An exact copy of every record is needed.

====================

(* The triple $(\mathcal{APT},[\cdot,\cdot],\rhd)$ is a post-Lie algebra. That is, $[\cdot,\cdot]$ is a Lie bracket on $\mathcal{APT}$, and for all $X,Y,Z \in \mathcal{APT}$: \[ X\rhd[Y,Z]=[X\rhd Y,Z]+[Y,X\rhd Z], \] \[ [X,Y]\rhd Z=X\rhd(Y\rhd Z)-(X\rhd Y)\rhd Z-Y\rhd(X\rhd Z)+(Y\rhd X)\rhd Z. \]
   Context: Work over a fixed ground field. A planar rooted tree is a finite rooted tree, with edges oriented away from the root, together with a total order on the outgoing edges of each vertex; $\mathcal{PT}$ is the span of isomorphism classes of planar rooted trees. $\mathrm{Lie}(\mathcal{PT})$ is the free Lie algebra on $\mathcal{PT}$, with bracket $[\cdot,\cdot]$. For planar trees $t_1,t_2$, $t_1\rhd t_2$ is the sum, over all vertices $v$ of $t_2$, of the planar tree obtained by adding an edge from $v$ to the root of $t_1$ as the leftmost outgoing edge of $v$. It is extended to $\mathrm{Lie}(\mathcal{PT})$ by the rules \[ t_1\rhd[t_2,t_3]=[t_1\rhd t_2,t_3]+[t_2,t_1\rhd t_3], \] \[ [t_1,t_2]\rhd t_3=t_1\rhd(t_2\rhd t_3)-(t_1\rhd t_2)\rhd t_3-t_2\rhd(t_1\rhd t_3)+(t_2\rhd t_1)\rhd t_3. \] A planar aroma is an isomorphism class of finite connected directed graphs (loops allowed) in which every vertex has exactly one incoming edge, together with a total order on the outgoing edges at each vertex. $\mathcal{PA}$ is their span and $S(\mathcal{PA})$ is the symmetric algebra on $\mathcal{PA}$. For a planar tree $t$ and a monomial $\alpha\in S(\mathcal{PA})$, $\rho(t)(\alpha)$ is the sum, over all vertices $v$ of all factors of $\alpha$, of the monomial obtained by adding an edge from $v$ to the root of $t$ as the leftmost outgoing edge of $v$; this is extended linearly in $\alpha$. For Lie polynomials, \[ \rho([t_1,t_2])=\rho(t_1)\rho(t_2)-\rho(t_1\rhd t_2)-\rho(t_2)\rho(t_1)+\rho(t_2\rhd t_1). \] Set $\mathcal{APT}=S(\mathcal{PA})\otimes \mathrm{Lie}(\mathcal{PT})$, with elements written $\alpha t$. Define, for $\alpha_i\in S(\mathcal{PA})$ and $t_i\in\mathrm{Lie}(\mathcal{PT})$ (extended bilinearly): \[ [\alpha_1t_1,\alpha_2t_2]=\alpha_1\alpha_2[t_1,t_2], \] \[ \alpha_1t_1\rhd\alpha_2t_2=\alpha_1\,\rho(t_1)(\alpha_2)\,t_2+\alpha_1\alpha_2\,(t_1\rhd t_2). \] *)

theory Defs
  imports Main "HOL-Library.Poly_Mapping" "HOL-Library.Multiset"
begin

====================

▸ Written response:
(* The triple $(\mathcal{APT},[\cdot,\cdot],\rhd)$ is a post-Lie algebra. That is, $[\cdot,\cdot]$ is a Lie bracket on $\mathcal{APT}$, and for all $X,Y,Z \in \mathcal{APT}$: \[ X\rhd[Y,Z]=[X\rhd Y,Z]+[Y,X\rhd Z], \] \[ [X,Y]\rhd Z=X\rhd(Y\rhd Z)-(X\rhd Y)\rhd Z-Y\rhd(X\rhd Z)+(Y\rhd X)\rhd Z. \]
   Context: Work over a fixed ground field. A planar rooted tree is a finite rooted tree, with edges oriented away from the root, together with a total order on the outgoing edges of each vertex; $\mathcal{PT}$ is the span of isomorphism classes of planar rooted trees. $\mathrm{Lie}(\mathcal{PT})$ is the free Lie algebra on $\mathcal{PT}$, with bracket $[\cdot,\cdot]$. For planar trees $t_1,t_2$, $t_1\rhd t_2$ is the sum, over all vertices $v$ of $t_2$, of the planar tree obtained by adding an edge from $v$ to the root of $t_1$ as the leftmost outgoing edge of $v$. It is extended to $\mathrm{Lie}(\mathcal{PT})$ by the rules \[ t_1\rhd[t_2,t_3]=[t_1\rhd t_2,t_3]+[t_2,t_1\rhd t_3], \] \[ [t_1,t_2]\rhd t_3=t_1\rhd(t_2\rhd t_3)-(t_1\rhd t_2)\rhd t_3-t_2\rhd(t_1\rhd t_3)+(t_2\rhd t_1)\rhd t_3. \] A planar aroma is an isomorphism class of finite connected directed graphs (loops allowed) in which every vertex has exactly one incoming edge, together with a total order on the outgoing edges at each vertex. $\mathcal{PA}$ is their span and $S(\mathcal{PA})$ is the symmetric algebra on $\mathcal{PA}$. For a planar tree $t$ and a monomial $\alpha\in S(\mathcal{PA})$, $\rho(t)(\alpha)$ is the sum, over all vertices $v$ of all factors of $\alpha$, of the monomial obtained by adding an edge from $v$ to the root of $t$ as the leftmost outgoing edge of $v$; this is extended linearly in $\alpha$. For Lie polynomials, \[ \rho([t_1,t_2])=\rho(t_1)\rho(t_2)-\rho(t_1\rhd t_2)-\rho(t_2)\rho(t_1)+\rho(t_2\rhd t_1). \] Set $\mathcal{APT}=S(\mathcal{PA})\otimes \mathrm{Lie}(\mathcal{PT})$, with elements written $\alpha t$. Define, for $\alpha_i\in S(\mathcal{PA})$ and $t_i\in\mathrm{Lie}(\mathcal{PT})$ (extended bilinearly): \[ [\alpha_1t_1,\alpha_2t_2]=\alpha_1\alpha_2[t_1,t_2], \] \[ \alpha_1t_1\rhd\alpha_2t_2=\alpha_1\,\rho(t_1)(\alpha_2)\,t_2+\alpha_1\alpha_2\,(t_1\rhd t_2). \] *)

theory Defs
  imports Main "HOL-Library.Poly_Mapping" "HOL-Library.Multiset"
begin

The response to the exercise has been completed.